Prediction of future gene expression profile by analyzing its past variation pattern.
Journal:
Gene expression patterns : GEP
PMID:
33444808
Abstract
A number of initial Hematopoietic Stem Cells (HSC) are considered in a container that are able to divide into HSCs or differentiate into various types of descendant cells. In this paper, a method is designed to predict an approximate gene expression profile (GEP) for future descendant cells resulted from HSC division/differentiation. First, the GEP prediction problem is modeled into a multivariate time series prediction problem. A novel method called EHSCP (Extended Hematopoietic Stem Cell Prediction) is introduced which is an artificial neural machine to solve the problem.
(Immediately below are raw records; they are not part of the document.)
lemma modular_pair_induct [consumes 2, case_names le sym diamond split]:
  fixes x y :: "'s::lattice"
  assumes modular: "modular_lattice TYPE('s)" and finite: "finite_length TYPE('s)"
    and le: "\<And>x y. x \<le> y \<Longrightarrow> P x y"
    and sym: "\<And>x y. P x y \<Longrightarrow> P y x"
    and diamond: "\<And>x y. Lattices.inf x y \<prec> x \<Longrightarrow> Lattices.inf x y \<prec> y \<Longrightarrow>
      x \<prec> Lattices.sup x y \<Longrightarrow> y \<prec> Lattices.sup x y \<Longrightarrow> P x y"
    and split: "\<And>x x' y. Lattices.inf x y < x' \<Longrightarrow> x' < x \<Longrightarrow>
      P x (Lattices.sup x' y) \<Longrightarrow> P x' y \<Longrightarrow> P x y"
  shows "P x y"
proof -
  obtain k where "interval_chain_bound (Lattices.inf x y) (Lattices.sup x y) k"
    using interval_chain_bound_exists[OF finite] .
  then show ?thesis
  proof (induction k arbitrary: x y)
    case 0
    then show ?case using not_interval_chain_bound_0 by (metis inf_le1 le_supI1)
  next
    case (Suc k)
    have split_Suc: "P x y"
      if bound: "interval_chain_bound (Lattices.inf x y) (Lattices.sup x y) (Suc k)"
        and x': "Lattices.inf x y < x'" "x' < x" for x x' y
      using split[OF x' Suc.IH[OF interval_chain_bound_split(1)[OF modular bound x']]
          Suc.IH[OF interval_chain_bound_split(2)[OF modular bound x']]] .
    show ?case
    proof (cases "x \<le> y \<or> y \<le> x")
      case True
      then show ?thesis using le sym by blast
    next
      case incomparable: False
      have "Lattices.inf x y \<noteq> x" using incomparable inf_le2[of x y] by metis
      moreover have "Lattices.inf x y \<noteq> y" using incomparable inf_le1[of x y] by metis
      ultimately have below: "Lattices.inf x y < x" "Lattices.inf x y < y"
        by (simp_all add: less_le)
      show ?thesis
      proof (cases "Lattices.inf x y \<prec> x \<and> Lattices.inf x y \<prec> y")
        case True
        moreover have "x \<noteq> y" using incomparable by auto
        ultimately show ?thesis
          using diamond covers_sup_of_distinct_covers[OF modular] by (metis sup_commute)
      next
        case False
        then consider x' where "Lattices.inf x y < x'" "x' < x"
          | y' where "Lattices.inf y x < y'" "y' < y"
          using below unfolding covers_def by (auto simp: inf_commute)
        then show ?thesis
        proof cases
          case 1
          then show ?thesis using split_Suc Suc.prems by blast
        next
          case 2
          then show ?thesis
            using split_Suc[of y x] Suc.prems sym by (simp add: inf_commute sup_commute)
        qed
      qed
    qed
  qed
qed
lemma node_degree_cluster_graph:
  assumes fin: "finite V" and C: "is_clustering V C" and c: "c \<in> C" "card c \<ge> 2" and i: "i \<in> c"
  shows "node_degree V (cluster_graph C) i = real (card c) - 1"
proof -
  have "{i} \<notin> C" using clustering_cluster_unique[OF C c(1) _ i, of "{i}"] c(2) by auto
  then have "cluster_graph C i j = (if j \<in> c - {i} then 1 else 0)" for j
    using same_cluster_iff_mem[OF C c(1) i] unfolding cluster_graph_def by auto
  then have "node_degree V (cluster_graph C) i = (\<Sum>j\<in>V. if j \<in> c - {i} then 1 else 0)"
    unfolding node_degree_def by presburger
  also have "\<dots> = (\<Sum>j\<in>V \<inter> (c - {i}). 1)" using fin by (rule sum.inter_restrict[symmetric])
  also have "V \<inter> (c - {i}) = c - {i}" using clustering_subset[OF C c(1)] by blast
  finally show ?thesis using i c(2) by (simp add: card_Diff_singleton of_nat_diff)
qed

lemma graph_volume_cluster_graph_ge:
  assumes fin: "finite V" and C: "is_clustering V C" and c: "c \<in> C" "card c \<ge> 2"
  shows "real (card c) * (real (card c) - 1) \<le> graph_volume V (cluster_graph C) V"
proof -
  have "real (card c) * (real (card c) - 1) = (\<Sum>l\<in>c. node_degree V (cluster_graph C) l)"
    using node_degree_cluster_graph[OF fin C c] by simp
  also have "\<dots> \<le> (\<Sum>l\<in>V. node_degree V (cluster_graph C) l)"
    by (rule sum_mono2[OF fin clustering_subset[OF C c(1)]])
      (auto simp: node_degree_def cluster_graph_def intro: sum_nonneg)
  finally show ?thesis by (simp add: graph_volume_eq_sum_node_degree)
qed

lemma graph_volume_cluster_graph_pos:
  assumes "finite V" "is_clustering V C" "V \<noteq> {}"
  shows "graph_volume V (cluster_graph C) V > 0"
  unfolding graph_volume_eq_sum_node_degree
  using assms node_degree_cluster_graph_ge_1[OF assms(1,2)]
  by (intro sum_pos) (auto intro: less_le_trans[OF zero_less_one])

lemma modularity_matrix_cluster_graph_pos:
  assumes fin: "finite V" and C: "is_clustering V C"
    and ij: "i \<in> V" "j \<in> V" "i \<noteq> j" "same_cluster C i j"
  shows "modularity_matrix V (cluster_graph C) i j > 0"
proof -
  let ?m = "graph_volume V (cluster_graph C) V"
  obtain c where c: "c \<in> C" "i \<in> c" "j \<in> c" using ij(4) unfolding same_cluster_def by blast
  have "card {i, j} \<le> card c"
    using c clustering_subset[OF C c(1)] fin by (intro card_mono) (auto intro: finite_subset)
  then have c2: "card c \<ge> 2" using ij(3) by simp
  define K where "K = real (card c)"
  have "K \<ge> 2" using c2 by (simp add: K_def)
  then have "(K - 1) * (K - 1) < K * (K - 1)" by (simp add: algebra_simps)
  also have "K * (K - 1) \<le> ?m" unfolding K_def by (rule graph_volume_cluster_graph_ge[OF fin C c(1) c2])
  finally have "node_degree V (cluster_graph C) i * node_degree V (cluster_graph C) j < 1 * ?m"
    using node_degree_cluster_graph[OF fin C c(1) c2] c by (simp add: K_def)
  moreover have "cluster_graph C i j = 1" using ij unfolding cluster_graph_def by simp
  moreover have "?m > 0" using graph_volume_cluster_graph_pos[OF fin C] ij(1) by blast
  ultimately show ?thesis by (simp add: modularity_matrix_eq)
qed

lemma modularity_matrix_cluster_graph_neg:
  assumes fin: "finite V" and C: "is_clustering V C"
    and ij: "i \<in> V" "j \<in> V" "\<not> same_cluster C i j"
  shows "modularity_matrix V (cluster_graph C) i j < 0"
proof -
  have "cluster_graph C i j = 0" using ij(3) unfolding cluster_graph_def by simp
  moreover have "node_degree V (cluster_graph C) i * node_degree V (cluster_graph C) j > 0"
    using node_degree_cluster_graph_ge_1[OF fin C] ij(1,2) by (auto intro: mult_pos_pos less_le_trans[OF zero_less_one])
  moreover have "graph_volume V (cluster_graph C) V > 0"
    using graph_volume_cluster_graph_pos[OF fin C] ij(1) by blast
  ultimately show ?thesis by (simp add: modularity_matrix_eq)
qed

theorem theorem1:
  fixes V :: "'a set" and Cstar :: "'a set set"
  assumes "finite V" and "card V \<ge> 2" and "is_clustering V Cstar"
  shows "\<exists>E. is_graph V E \<and> graph_volume V E V > 0 \<and>
           (\<forall>C. is_clustering V C \<and> C \<noteq> Cstar \<longrightarrow> modularity V E C < modularity V E Cstar)"
proof (intro exI conjI allI impI)
  note fin = assms(1) and Cs = assms(3)
  let ?E = "cluster_graph Cstar"
  show "is_graph V ?E" using fin by (rule is_graph_cluster_graph)
  show "graph_volume V ?E V > 0"
    using graph_volume_cluster_graph_pos[OF fin Cs] assms(2) by fastforce
  fix C assume "is_clustering V C \<and> C \<noteq> Cstar"
  then have C: "is_clustering V C" and ne: "C \<noteq> Cstar" by auto
  show "modularity V ?E C < modularity V ?E Cstar"
    unfolding modularity_eq_sum_same_cluster[OF fin Cs] modularity_eq_sum_same_cluster[OF fin C]
    by (rule sum_same_cluster_unique_max[OF fin C Cs ne])
      (simp_all add: modularity_matrix_cluster_graph_pos[OF fin Cs]
        modularity_matrix_cluster_graph_neg[OF fin Cs])
qed

end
EHSCP accepts the initial sequence of measured GEPs as input and predicts GEPs of future descendant cells. This prediction can be performed for multiple stages of cell division/differentiation. EHSCP considers the GEP sequence as time series and computes correlation between input time series. Two novel artificial neural units called PLSTM (Parametric Long Short Term Memory) and MILSTM (Multi-Input LSTM) are designed. PLSTM makes EHSCP able to consider this correlation in output prediction. Since there exist thousands of time series in GEP prediction, a hierarchical encoder is proposed that computes this correlation using 101 MILSTMs. EHSCP is trained using 155 datasets and is evaluated on 39 test datasets. These evaluations show that EHSCP surpasses existing methods in terms of prediction accuracy and number of correctly-predicted division/differentiation stages. In these evaluations, number of correctly-predicted stages in EHSCP was 128 when as many as 8 initial stages were given.